Güneyli o kaldığı evde tutunamamış ve bu yurda gönderilmişti. Tabi evde kalmak zahmetli, külfetli. Temizlik, yemek, tertip düzen. Hele o abi? Kendi yaşıtlarına abilik rolü kesiyordu. Güneyli onun hallerinde bir toyluk, bir acemilik görüyor, bir yapmacıklık seziyordu. Testinin suyu soğuk olur misali yani. Güneyli daha fazla dayanamadı. Ayrılacağını söyledi. Abi rolündeki arkadaşı ona yol gösterdi. “Bari şu yurtta kal.” diyerek onu buraya yerleştirdi. Burada da uzun süre kalacağa benzemiyordu. En başta yurt idarecisinin müsamaha etmediği bir alışkanlığı vardı. Sigara içiyordu.
Ne yapsın çocuk çok ağır bir travma yaşamıştı. Anadan ayrı babadan ayrı kalmak kolay mı?
Henüz on üç yaşındayken İstanbul’da temmuz sıcaklarının yaşandığı bir alacakaranlıkta evlerinin kapısı zorla açılmıştı. Sivil polisler patır kütür içeri dalmış ve gözleri önünde babasını yüz üstü yatırıp ellerini arkadan kelepçelemişlerdi.

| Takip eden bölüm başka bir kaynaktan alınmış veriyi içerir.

(* Let $\mathcal{L}$ be an intuitionistic abstract logic. Then $(Expr_{\mathcal{L}},\le)$, with meet $\wedge$, join $\vee$, implication $\to$, least element $\bot$ and greatest element $\top$, is a Heyting algebra.
   Context: An abstract logic is a triple $\mathcal{L}=(Expr_{\mathcal{L}},Th_{\mathcal{L}},\mathcal{C}_{\mathcal{L}})$ where $Expr_{\mathcal{L}}$ is a set, $Th_{\mathcal{L}}$ a non-empty set of subsets of $Expr_{\mathcal{L}}$ (theories) closed under intersections of non-empty subfamilies, and $\mathcal{C}_{\mathcal{L}}$ a set of operations on $Expr_{\mathcal{L}}$. $\mathcal{L}$ is closed under union of chains if the union of every non-empty chain of theories is a theory. A theory $T$ is prime if $T=\bigcap\mathcal{T}$ with $\mathcal{T}\subseteq Th_{\mathcal{L}}$ non-empty finite implies $T\in\mathcal{T}$; totally prime if this holds for non-empty $\mathcal{T}$ of any size. $PTh_{\mathcal{L}}$, $TPTh_{\mathcal{L}}$ denote these sets. An intuitionistic abstract logic is one closed under union of chains with binary connectives $\vee,\wedge,\to$ and constants $\top,\bot$ such that for all $a,b$ and all $T\in TPTh_{\mathcal{L}}$: $a\vee b\in T$ iff $a\in T$ or $b\in T$; $a\wedge b\in T$ iff $a,b\in T$; $a\to b\in T$ iff for every totally prime $T'\supseteq T$, $a\in T'$ implies $b\in T'$; $\top$ lies in every theory and $\bot$ in none. The order: $a\le b$ iff $S_a\subseteq S_b$, where $S_a=\{P\in PTh_{\mathcal{L}}: a\in P\}$; the paper identifies $a,b$ when $a\le b$ and $b\le a$. *)

theory Defs
  imports Main
begin

definition abstract_logic :: "'e set set \<Rightarrow> bool" where
  "abstract_logic Th \<longleftrightarrow> Th \<noteq> {} \<and> (\<forall>F. F \<subseteq> Th \<and> F \<noteq> {} \<longrightarrow> \<Inter>F \<in> Th)"

definition closed_union_chains :: "'e set set \<Rightarrow> bool" where
  "closed_union_chains Th \<longleftrightarrow>
     (\<forall>C. C \<subseteq> Th \<and> C \<noteq> {} \<and> (\<forall>X\<in>C. \<forall>Y\<in>C. X \<subseteq> Y \<or> Y \<subseteq> X) \<longrightarrow> \<Union>C \<in> Th)"

definition prime_theory :: "'e set set \<Rightarrow> 'e set \<Rightarrow> bool" where
  "prime_theory Th T \<longleftrightarrow> T \<in> Th \<and>
     (\<forall>F. F \<subseteq> Th \<and> F \<noteq> {} \<and> finite F \<and> T = \<Inter>F \<longrightarrow> T \<in> F)"

definition totally_prime_theory :: "'e set set \<Rightarrow> 'e set \<Rightarrow> bool" where
  "totally_prime_theory Th T \<longleftrightarrow> T \<in> Th \<and>
     (\<forall>F. F \<subseteq> Th \<and> F \<noteq> {} \<and> T = \<Inter>F \<longrightarrow> T \<in> F)"

definition intuitionistic_abstract_logic ::
  "'e set set \<Rightarrow> ('e \<Rightarrow> 'e \<Rightarrow> 'e) \<Rightarrow> ('e \<Rightarrow> 'e \<Rightarrow> 'e) \<Rightarrow> ('e \<Rightarrow> 'e \<Rightarrow> 'e)
     \<Rightarrow> 'e \<Rightarrow> 'e \<Rightarrow> bool" where
  "intuitionistic_abstract_logic Th dsj cnj imp tp bt \<longleftrightarrow>
     abstract_logic Th \<and> closed_union_chains Th \<and>
     (\<forall>a b T. totally_prime_theory Th T \<longrightarrow>
        (dsj a b \<in> T \<longleftrightarrow> a \<in> T \<or> b \<in> T) \<and>
        (cnj a b \<in> T \<longleftrightarrow> a \<in> T \<and> b \<in> T) \<and>
        (imp a b \<in> T \<longleftrightarrow>
           (\<forall>T'. totally_prime_theory Th T' \<and> T \<subseteq> T' \<longrightarrow> a \<in> T' \<longrightarrow> b \<in> T'))) \<and>
     (\<forall>T\<in>Th. tp \<in> T) \<and> (\<forall>T\<in>Th. bt \<notin> T)"

definition S_set :: "'e set set \<Rightarrow> 'e \<Rightarrow> 'e set set" where
  "S_set Th a = {P. prime_theory Th P \<and> a \<in> P}"

definition logic_le :: "'e set set \<Rightarrow> 'e \<Rightarrow> 'e \<Rightarrow> bool" where
  "logic_le Th a b \<longleftrightarrow> S_set Th a \<subseteq> S_set Th b"

text \<open>Heyting algebra structure on a preorder, i.e. on its quotient by the induced
  equivalence (a \<le> b and b \<le> a): meet is a greatest lower bound, join a least
  upper bound, bt least, tp greatest, and imp is the relative pseudocomplement.\<close>
definition heyting_preorder ::
  "('e \<Rightarrow> 'e \<Rightarrow> bool) \<Rightarrow> ('e \<Rightarrow> 'e \<Rightarrow> 'e) \<Rightarrow> ('e \<Rightarrow> 'e \<Rightarrow> 'e) \<Rightarrow> ('e \<Rightarrow> 'e \<Rightarrow> 'e)
     \<Rightarrow> 'e \<Rightarrow> 'e \<Rightarrow> bool" where
  "heyting_preorder le meet join imp bt tp \<longleftrightarrow>
     (\<forall>a. le a a) \<and> (\<forall>a b c. le a b \<longrightarrow> le b c \<longrightarrow> le a c) \<and>
     (\<forall>a b. le (meet a b) a \<and> le (meet a b) b \<and> (\<forall>c. le c a \<and> le c b \<longrightarrow> le c (meet a b))) \<and>
     (\<forall>a b. le a (join a b) \<and> le b (join a b) \<and> (\<forall>c. le a c \<and> le b c \<longrightarrow> le (join a b) c)) \<and>
     (\<forall>a. le bt a \<and> le a tp) \<and>
     (\<forall>a b c. le (meet c a) b \<longleftrightarrow> le c (imp a b))"

end

theory Submission
  imports Defs
begin

text \<open>Since the logic is closed under unions of chains, Zorn's lemma extends every theory
  omitting b to a maximal one omitting b, and such a maximal theory is totally prime: a
  proper intersection of strictly larger theories would have to contain b. Hence the order
  defined through prime theories coincides with the order read off the totally prime
  theories, where the connectives are evaluated pointwise, and the Heyting laws reduce to
  propositional reasoning inside each totally prime theory; residuation uses that the
  implication quantifies over all totally prime extensions.\<close>

lemma totally_prime_theory_imp_prime_theory:
  "totally_prime_theory Th T \<Longrightarrow> prime_theory Th T"
  unfolding totally_prime_theory_def prime_theory_def by blast

lemma totally_prime_theory_in_theories: "totally_prime_theory Th T \<Longrightarrow> T \<in> Th"
  unfolding totally_prime_theory_def by blast

lemma maximal_omitting_imp_totally_prime:
  assumes M: "M \<in> Th" "b \<notin> M"
    and maximal: "\<And>X. X \<in> Th \<Longrightarrow> M \<subseteq> X \<Longrightarrow> b \<notin> X \<Longrightarrow> X = M"
  shows "totally_prime_theory Th M"
  unfolding totally_prime_theory_def
proof (intro conjI allI impI)
  fix F assume F: "F \<subseteq> Th \<and> F \<noteq> {} \<and> M = \<Inter>F"
  show "M \<in> F"
  proof (rule ccontr)
    assume "M \<notin> F"
    with F maximal have "\<forall>X\<in>F. b \<in> X" by blast
    with F M(2) show False by blast
  qed
qed (fact M(1))

lemma extend_to_totally_prime_theory:
  assumes chains: "closed_union_chains Th" and P: "P \<in> Th" "b \<notin> P"
  obtains T where "totally_prime_theory Th T" "P \<subseteq> T" "b \<notin> T"
proof -
  let ?A = "{T \<in> Th. P \<subseteq> T \<and> b \<notin> T}"
  have "\<exists>M\<in>?A. \<forall>X\<in>?A. M \<subseteq> X \<longrightarrow> X = M"
  proof (rule subset_Zorn_nonempty)
    show "?A \<noteq> {}" using P by blast
  next
    fix C assume C: "C \<noteq> {}" "subset.chain ?A C"
    then have "C \<subseteq> ?A" "\<forall>X\<in>C. \<forall>Y\<in>C. X \<subseteq> Y \<or> Y \<subseteq> X"
      by (auto simp: subset_chain_def)
    with C(1) chains have "\<Union>C \<in> Th"
      unfolding closed_union_chains_def by blast
    with C(1) \<open>C \<subseteq> ?A\<close> show "\<Union>C \<in> ?A" by blast
  qed
  then obtain M where "M \<in> ?A" and "\<forall>X\<in>?A. M \<subseteq> X \<longrightarrow> X = M" by blast
  then have "totally_prime_theory Th M" "P \<subseteq> M" "b \<notin> M"
    by (auto intro!: maximal_omitting_imp_totally_prime)
  then show thesis by (rule that)
qed

lemma logic_le_iff_totally_prime:
  assumes "closed_union_chains Th"
  shows "logic_le Th a b \<longleftrightarrow> (\<forall>T. totally_prime_theory Th T \<longrightarrow> a \<in> T \<longrightarrow> b \<in> T)"
proof
  assume "logic_le Th a b"
  then show "\<forall>T. totally_prime_theory Th T \<longrightarrow> a \<in> T \<longrightarrow> b \<in> T"
    unfolding logic_le_def S_set_def using totally_prime_theory_imp_prime_theory by blast
next
  assume tp: "\<forall>T. totally_prime_theory Th T \<longrightarrow> a \<in> T \<longrightarrow> b \<in> T"
  show "logic_le Th a b" unfolding logic_le_def S_set_def
  proof safe
    fix P assume P: "prime_theory Th P" "a \<in> P"
    show "b \<in> P"
    proof (rule ccontr)
      assume "b \<notin> P"
      with P(1) obtain T where "totally_prime_theory Th T" "P \<subseteq> T" "b \<notin> T"
        using extend_to_totally_prime_theory[OF assms] unfolding prime_theory_def by blast
      with tp P(2) show False by blast
    qed
  qed
qed

lemma intuitionistic_abstract_logicD:
  assumes "intuitionistic_abstract_logic Th dsj cnj imp tp bt"
  shows "closed_union_chains Th"
    and "totally_prime_theory Th T \<Longrightarrow> dsj a b \<in> T \<longleftrightarrow> a \<in> T \<or> b \<in> T"
    and "totally_prime_theory Th T \<Longrightarrow> cnj a b \<in> T \<longleftrightarrow> a \<in> T \<and> b \<in> T"
    and "totally_prime_theory Th T \<Longrightarrow> imp a b \<in> T \<longleftrightarrow>
           (\<forall>T'. totally_prime_theory Th T' \<and> T \<subseteq> T' \<longrightarrow> a \<in> T' \<longrightarrow> b \<in> T')"
    and "T \<in> Th \<Longrightarrow> tp \<in> T"
    and "T \<in> Th \<Longrightarrow> bt \<notin> T"
  using assms unfolding intuitionistic_abstract_logic_def by simp_all

lemma logic_le_cnj_iff_le_imp:
  assumes logic: "intuitionistic_abstract_logic Th dsj cnj imp tp bt"
  shows "logic_le Th (cnj c a) b \<longleftrightarrow> logic_le Th c (imp a b)"
proof -
  note le = logic_le_iff_totally_prime[OF intuitionistic_abstract_logicD(1)[OF logic]]
  note cnj = intuitionistic_abstract_logicD(3)[OF logic]
    and imp = intuitionistic_abstract_logicD(4)[OF logic]
  show ?thesis
  proof
    assume "logic_le Th (cnj c a) b"
    then have ca_b: "\<And>T. totally_prime_theory Th T \<Longrightarrow> c \<in> T \<Longrightarrow> a \<in> T \<Longrightarrow> b \<in> T"
      unfolding le using cnj by blast
    show "logic_le Th c (imp a b)"
      unfolding le
    proof (intro allI impI)
      fix T assume T: "totally_prime_theory Th T" "c \<in> T"
      then show "imp a b \<in> T"
        unfolding imp[OF T(1)] using ca_b by blast
    qed
  next
    assume c_imp: "logic_le Th c (imp a b)"
    show "logic_le Th (cnj c a) b"
      unfolding le
    proof (intro allI impI)
      fix T assume T: "totally_prime_theory Th T" "cnj c a \<in> T"
      then have "c \<in> T" "a \<in> T" using cnj by blast+
      with T(1) c_imp have "imp a b \<in> T" unfolding le by blast
      with T(1) \<open>a \<in> T\<close> show "b \<in> T" unfolding imp[OF T(1)] by blast
    qed
  qed
qed

theorem corollary4p3:
  fixes Th :: "'e set set"
    and dsj cnj imp :: "'e \<Rightarrow> 'e \<Rightarrow> 'e" and tp bt :: 'e
  assumes "intuitionistic_abstract_logic Th dsj cnj imp tp bt"
  shows "heyting_preorder (logic_le Th) cnj dsj imp bt tp"
proof -
  note le = logic_le_iff_totally_prime[OF intuitionistic_abstract_logicD(1)[OF assms]]
  note dsj = intuitionistic_abstract_logicD(2)[OF assms]
    and cnj = intuitionistic_abstract_logicD(3)[OF assms]
    and tp = intuitionistic_abstract_logicD(5)[OF assms totally_prime_theory_in_theories]
    and bt = intuitionistic_abstract_logicD(6)[OF assms totally_prime_theory_in_theories]
  show ?thesis
    unfolding heyting_preorder_def
  proof (intro conjI)
    show "\<forall>a b c. logic_le Th (cnj c a) b \<longleftrightarrow> logic_le Th c (imp a b)"
      using logic_le_cnj_iff_le_imp[OF assms] by blast
  qed (unfold le, auto simp: dsj cnj tp bt)
qed

end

Evin altını üstüne getirmişlerdi. Aslında bunu yapamazlardı. Zira babası cumhuriyet savcısıydı. Kimin umurunda? Annesi de sıradan bir ev hanımı değildi; o da hakimlik yapıyordu. Dinleyen mi var? Onların bu kadar saygısızlığa maruz kaldığını, bu kadar aciz ve çaresiz olduğunu hiç görmemişti.
Babalarının arkasından günlerce annesiyle sarılıp ağlaştılar. Bir kaç gün sonra annesi de işsiz kalmıştı. Gün geçtikçe sıkıntıları büyüyordu. Günün birinde güneydeki sahil kasabasına, dedelerinin yanına dönme kararı aldılar. Hazırlıklarını yaptılar. Ev eşyalarını yükleyip gideceklerdi ki annesini de götürdüler. Küçük kardeşi ve mavi muhabbet kuşları ile ortada kalakaldılar. Dedeleri geldi onları götürdü. Okulunun geri kalanını dedesinin yanında bitirdi.
Üç yıl boyunca, sürekli bir ona laf göndermeler, yeri geldikçe gözünün içine baka baka teröristlerden, darbecilerden bahsetmeler onu yıpratmıştı. O ne ki, bunlar kitapların müfredatında işleniyordu. Artık iyice bezmişti. Böyle bir muamele eli kanlı bir teröristin çocuğuna bile yapılmazdı. Çok içerliyordu ama kime ne diyebilirdi ki? Samimi bir arkadaşı yoktu. Bir cüzzamlı gibi dışlanmıştı.
Artık canına tak etmişti, liseden sonra okumak istemiyordu. Hatta bu topraklarda da yaşamak istemiyordu.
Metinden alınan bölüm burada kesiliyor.